I didn’t take them into account in the first phase of my deconstruction of the cards — but I studied dozens of tarot decks to understand their visions and mine. Crowley’s deck, in particular, is a wonderful work where each card was studied and worked on. It’s a sadness I can’t speak to him face to face and understand the challenges he faced. Unfortunately, very few people know his work. But I think tarot has a link with horror and eroticism. The most asked questions are always about love and sex, or about situations that scare the querent. The cards have imposing names, or hard symbols, (the Ten of Swords represents a person pierced from all sides, Death, The Hanged Man, The Tower on fire).

I’ve also noticed in the past two years a lot of horror productions — series and films — have been using tarot. I haven’t had the courage to watch them, because I don’t want tarot to be seen as a curse or as a symbol of horror. It’s only a tool for divination and self-understanding, like so many others.
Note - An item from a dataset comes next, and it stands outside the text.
(* Consider the network Polya contagion process on a connected undirected graph $\mathcal{G}=(V,\mathcal{E})$ with $\Delta_{r,i}(n)=\Delta_{b,i}(n)=\Delta$ and $T_i=T$ for all nodes $i\in V$ and all times $n$. Fix a node $i$. Then the individual red-ball proportion process $\{U_{i,n}\}_{n=1}^\infty$ is a martingale with respect to the whole-network draw process $\{Z_n\}_{n=1}^\infty=\{(Z_{1,n},\dots,Z_{N,n})\}_{n=1}^\infty$ if and only if, almost surely (for all $n$), \[ \frac{1}{|\mathcal{N}_i|}\sum_{j\in\mathcal{N}_i}U_{j,n-1}=U_{i,n-1}. \]
   Context: Network Polya contagion process: $\mathcal{G}=(V,\mathcal{E})$ is a connected undirected graph without self-loops, $V=\{1,\dots,N\}$, $\mathcal{N}_i=\{v:(i,v)\in\mathcal{E}\}$, $\mathcal{N}_i'=\{i\}\cup\mathcal{N}_i$. Each node $i$ has an urn initially containing $R_i\in\mathbb{Z}_{>0}$ red and $B_i\in\mathbb{Z}_{>0}$ black balls, $T_i=R_i+B_i$. The super urn of node $i$ is the union of the urns of nodes in $\mathcal{N}_i'$. At each time $t=1,2,\dots$ every node $i$ simultaneously draws from its super urn; $Z_{i,t}=1$ if red, $0$ if black; then $\Delta_{r,i}(t)\ge0$ red balls (if red drawn) or $\Delta_{b,i}(t)\ge0$ black balls (if black drawn) are added to node $i$'s own urn. Let $X_{j,n}=T_j+\sum_{t=1}^n\big(Z_{j,t}\Delta_{r,j}(t)+(1-Z_{j,t})\Delta_{b,j}(t)\big)$ and $U_{j,n}=\big(R_j+\sum_{t=1}^nZ_{j,t}\Delta_{r,j}(t)\big)/X_{j,n}$ (proportion of red balls in node $j$'s own urn after the $n$th draw), and $S_{i,n}=\sum_{j\in\mathcal{N}_i'}U_{j,n}X_{j,n}/\sum_{j\in\mathcal{N}_i'}X_{j,n}$ (proportion of red in node $i$'s super urn). Given the whole history $\{Z_j^{n-1}\}_{j=1}^N$, the time-$n$ draws are conditionally independent with $P(Z_{i,n}=1\mid\{Z_j^{n-1}\}_{j=1}^N)=S_{i,n-1}$. "Martingale with respect to $\{Z_n\}$" means $E|U_{i,n}|<\infty$ and $E[U_{i,n}\mid Z_1,\dots,Z_{n-1}]=U_{i,n-1}$ a.s. for all $n$. *)

theory Defs
  imports "HOL-Probability.Probability"
begin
What about the present day? It is often stated that we are living in the sci-fi dystopia envisioned by 20th century writers. What do we do, and what is the role of the cards in our contemporary context?

I disagree, I think we’d want to live in a sci-fi dystopia, because then we’d have the cards (lol) to get out of it.

I’m a huge fan of 1960s–80s sci-fi — Asimov is next to my bed, the Robot Cycle books piled high, threatening to collapse. I’ve read Foundation, Brave New World, Fahrenheit 451 — and more recently Silo, by Hugh Howey, which I strongly recommend you read.

But as a queer Gitane, I only see the rise of fascism, a step backward, maybe a new Cold War. I’d rather see it as a sci-fi dystopia — then I’d know what to do.

What we must do is act beyond protesting. The police recently beat me up — I thought I was going to die. I was sleeping in my own home. They filed a complaint against me for assault over a spit — while I’m the one who ended up traumatized in bed.



The Palace of Justice is unused, there’s a monument to Leopold II: It’s a shame. For me, we must tear down the Palace of Justice, reclaim the 300 million Euro budget spent on scaffolding, pay reparations to Congo, reinvest the rest in social aid, and reform prisons to eventually abolish them.

Protests are no longer enough — we just shout, surrounded by cops on government-approved routes. We must remove politicians from Pride — their budget must go to shelters for marginalized youth. We must support the TSFB (Trans Solidarity Fund). Organizations must stop getting lost in endless discussions and act — even if it’s not perfect. I’ve already ended up homeless, but a couch in a squat is better than a bench outside.

In Brussels, dozens of buildings are abandoned. Give them to me, I’ll renovate them and turn them into shelters.

The role of the cards? Take the time to receive your flaws — to become better.

“Gitane” — a self-identified term used by the artist to name their Romani heritage.